Accurate prediction of pure component physiochemical properties is crucial for process integration, multiscale modelling, and optimization. In this work, an enhanced framework for pure component property prediction by using explainable machine learning methods is proposed.
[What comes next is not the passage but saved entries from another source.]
lemma gram_schmidt_residual_lower_bound:
  fixes c :: "nat \<Rightarrow> complex^'n"
  assumes "\<And>j. j < l \<Longrightarrow> cinner (c j) w = 0" "cinner (c l) w = 1" "\<And>i. cmod (w $ i) \<le> b"
  shows "1 \<le> real CARD('n) * norm (gram_schmidt_residual c l) * b"
proof -
  have "1 = cmod (cinner (gram_schmidt_residual c l) w)"
    using assms(2) by (subst cinner_gram_schmidt_residual_orthogonal[OF assms(1)]) simp_all
  also have "\<dots> \<le> real CARD('n) * norm (gram_schmidt_residual c l) * b"
    using assms(3) by (intro norm_cinner_le) (simp add: Finite_Cartesian_Product.norm_nth_le)
  finally show ?thesis .
qed

text \<open>The index type carries no order, so \<open>R\<close> is triangular with respect to the enumeration \<open>k\<close>.\<close>
lemma QR_decomposition:
  fixes x :: "complex^'n^'n"
  assumes "invertible x"
  obtains Q R and k :: "'n \<Rightarrow> nat"
  where "unitary_mat Q" "x = Q ** R" "inj k" "\<And>s. k s < CARD('n)"
    "\<And>s t. k t < k s \<Longrightarrow> R $ s $ t = 0"
    "\<And>s. 1 \<le> real CARD('n) * norm (matrix_inv x) * cmod (R $ s $ s)"
    "\<And>s t. cmod (R $ s $ t) \<le> real CARD('n) * norm x"
proof -
  define n where "n = CARD('n)"
  obtain k and e :: "nat \<Rightarrow> 'n" where k: "\<And>s. k s < n" "\<And>s. e (k s) = s" "\<And>i. i < n \<Longrightarrow> k (e i) = i"
    using finite_enumeration[where 'a='n, folded n_def] by blast
  have "inj k" by (metis k(2) injI)
  \<comment> \<open>Gram--Schmidt runs through the columns of \<open>x\<close> in the order \<open>e\<close>; the rows of
    \<open>matrix_inv x\<close> are dual to them and keep the residuals away from zero.\<close>
  define c where "c l = column (e l) x" for l
  define w where "w l = (\<chi> i. cnj (matrix_inv x $ e l $ i))" for l
  define q where "q = gram_schmidt c"
  have dual: "cinner (c j) (w l) = (if j = l then 1 else 0)" if "j < n" "l < n" for j l
  proof -
    have "e j = e l \<longleftrightarrow> j = l" using k(3) that by metis
    then show ?thesis
      using matrix_inv_mult(1)[OF assms] unfolding c_def w_def cinner_def column_def
      by (auto simp: vec_eq_iff matrix_matrix_mult_def mat_def mult.commute)
  qed
  have residual_ge: "1 \<le> real n * norm (gram_schmidt_residual c l) * norm (matrix_inv x)" if "l < n" for l
    unfolding n_def using that dual
    by (intro gram_schmidt_residual_lower_bound[where w = "w l"]) (auto simp: w_def n_def norm_matrix_entry_le)
  have residual_nz: "gram_schmidt_residual c l \<noteq> 0" if "l < n" for l
    using residual_ge[OF that] by force
  define Q where "Q = (\<chi> r s. q (k s) $ r)"
  define R where "R = conj_transpose Q ** x"
  have column_Q: "column s Q = q (k s)" for s
    by (simp add: Q_def column_def vec_eq_iff)
  have R_entry: "R $ s $ t = cinner (c (k t)) (q (k s))" for s t
    by (simp add: R_def conj_transpose_mult_entry column_Q c_def k)
  have "unitary_mat Q"
    using gram_schmidt_orthonormal[of n c] residual_nz k(1) \<open>inj k\<close>
    by (auto simp: unitary_mat_def vec_eq_iff conj_transpose_mult_entry column_Q mat_def q_def inj_eq)
  moreover have "x = Q ** R"
    using \<open>unitary_mat Q\<close> unfolding unitary_mat_def R_def
    by (metis matrix_left_right_inverse matrix_mul_assoc matrix_mul_lid)
  moreover have "R $ s $ t = 0" if "k t < k s" for s t
    using cinner_gram_schmidt_triangular[of "k s" c "k t"] that residual_nz k(1)
    by (auto simp: R_entry q_def order.strict_trans1)
  moreover have "1 \<le> real n * norm (matrix_inv x) * cmod (R $ s $ s)" for s
    using cinner_gram_schmidt_triangular[of "k s" c "k s"] residual_ge[of "k s"] residual_nz k(1)
    by (auto simp: R_entry q_def order.strict_trans1 mult_ac)
  moreover have "cmod (R $ s $ t) \<le> real n * norm x" for s t
  proof -
    have "cmod (q (k s) $ i) \<le> 1" for i
      using Finite_Cartesian_Product.norm_nth_le[of "q (k s)" i]
      by (simp add: q_def gram_schmidt_eq_sgn norm_sgn split: if_splits)
    then show ?thesis
      using norm_cinner_le[of "c (k t)" "norm x" "q (k s)" 1]
      by (simp add: R_entry c_def column_def norm_matrix_entry_le n_def)
  qed
  ultimately show ?thesis using that \<open>inj k\<close> k(1) unfolding n_def by blast
qed
lemma portal_imp_segment:
  assumes "p \<in> X" and "w \<in> portal d X p"
  shows "lane d w = lane d p \<and>
    (\<forall>f\<in>{min (along d p) (along d w)..max (along d p) (along d w)}. unalign d (f, lane d p) \<in> X)"
proof -
  have "(p, w) \<in> (edges_dir d X)\<^sup>*" using assms(2) unfolding portal_def by simp
  then show ?thesis
  proof (induction rule: rtrancl_induct)
    case base
    then show ?case using assms(1) by simp
  next
    case (step y z)
    have z: "z \<in> X" "lane d z = lane d y" "\<bar>along d z - along d y\<bar> = 1"
      using step.hyps(2) unfolding edges_dir_iff_lane by auto
    show ?case
    proof (intro conjI ballI)
      show "lane d z = lane d p" using z step.IH by simp
    next
      fix f assume f: "f \<in> {min (along d p) (along d z)..max (along d p) (along d z)}"
      show "unalign d (f, lane d p) \<in> X"
      proof (cases "f = along d z")
        case True
        then show ?thesis using z step.IH by (metis unalign_along_lane)
      next
        case False
        then have "f \<in> {min (along d p) (along d y)..max (along d p) (along d y)}"
          using f z(3) by auto
        then show ?thesis using step.IH by blast
      qed
    qed
  qed
qed

lemma segment_imp_relpow:
  assumes "lane d w = lane d p"
    and "\<forall>f\<in>{min (along d p) (along d w)..max (along d p) (along d w)}. unalign d (f, lane d p) \<in> X"
  shows "(p, w) \<in> edges_dir d X ^^ nat \<bar>along d w - along d p\<bar>"
proof -
  define s where "s = (if along d p \<le> along d w then 1 else -1 :: int)"
  define k where "k = nat \<bar>along d w - along d p\<bar>"
  have "\<forall>i\<le>k. unalign d (along d p + s * int i, lane d p) \<in> X"
    using assms(2) unfolding s_def k_def by auto
  from lane_walk[OF _ this]
  have "(p, unalign d (along d p + s * int k, lane d p)) \<in> edges_dir d X ^^ k"
    unfolding s_def by simp
  moreover have "along d p + s * int k = along d w" unfolding s_def k_def by auto
  ultimately show ?thesis using assms(1) unfolding k_def by (metis unalign_along_lane)
qed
In this framework, the molecular representation method based on the connectivity matrix effectively considers atomic bonding relationships to automatically generate features. The supervised machine learning model random forest is applied for feature ranking and pooling. The adjusted R² is introduced to penalize the inclusion of additional features, providing an assessment of the true contribution of features. The prediction results for normal boiling point (T_b), liquid molar volume (L_mv), critical temperature (T_c) and critical pressure (P_c) obtained using Artificial Neural Network and Gaussian Process Regression models confirm the accuracy of the molecular representation method. Comparison with GC based models shows that the root-mean-square error on the test set can be reduced by up to 83.8%. To enhance the interpretability of the model, a feature analysis method based on Shapley values is employed to determine the contribution of each feature to the property predictions. The results indicate that using the feature pooling method reduces the number of features from 13316 to 100 without compromising model accuracy. The feature analysis results for T_b, L_mv, T_c, and P_c confirms that different molecular properties are influenced by different structural features, aligning with mechanistic interpretations. In conclusion, the proposed framework is demonstrated to be feasible and provides a solid foundation for mixture component reconstruction and process integration modelling.

查看原文本刊更多论文

使用可解释的机器学习方法的纯组件属性估计框架

对纯组分理化性质的准确预测对于过程集成、多尺度建模和优化至关重要。在这项工作中，提出了一个使用可解释机器学习方法进行纯组件属性预测的增强框架。在该框架中，基于连通性矩阵的分子表示方法有效地考虑了原子成键关系，自动生成特征。采用有监督机器学习模型随机森林进行特征排序和池化。引入调整后的R2来惩罚额外特性的包含，提供对特性真正贡献的评估。利用人工神经网络和高斯过程回归模型对正常沸点（Tb）、液体摩尔体积（Lmv）、临界温度（Tc）和临界压力（Pc）的预测结果证实了分子表示方法的准确性。与基于GC的模型的比较表明，测试集的均方根误差可以降低83.8%。为了提高模型的可解释性，采用基于Shapley值的特征分析方法来确定每个特征对属性预测的贡献。结果表明，使用特征池化方法可以在不影响模型精度的情况下将特征数量从13316减少到100。Tb、Lmv、Tc和Pc的特征分析结果证实，不同的分子性质受到不同结构特征的影响，与机理解释一致。综上所述，该框架是可行的，为混合组件重构和过程集成建模提供了坚实的基础。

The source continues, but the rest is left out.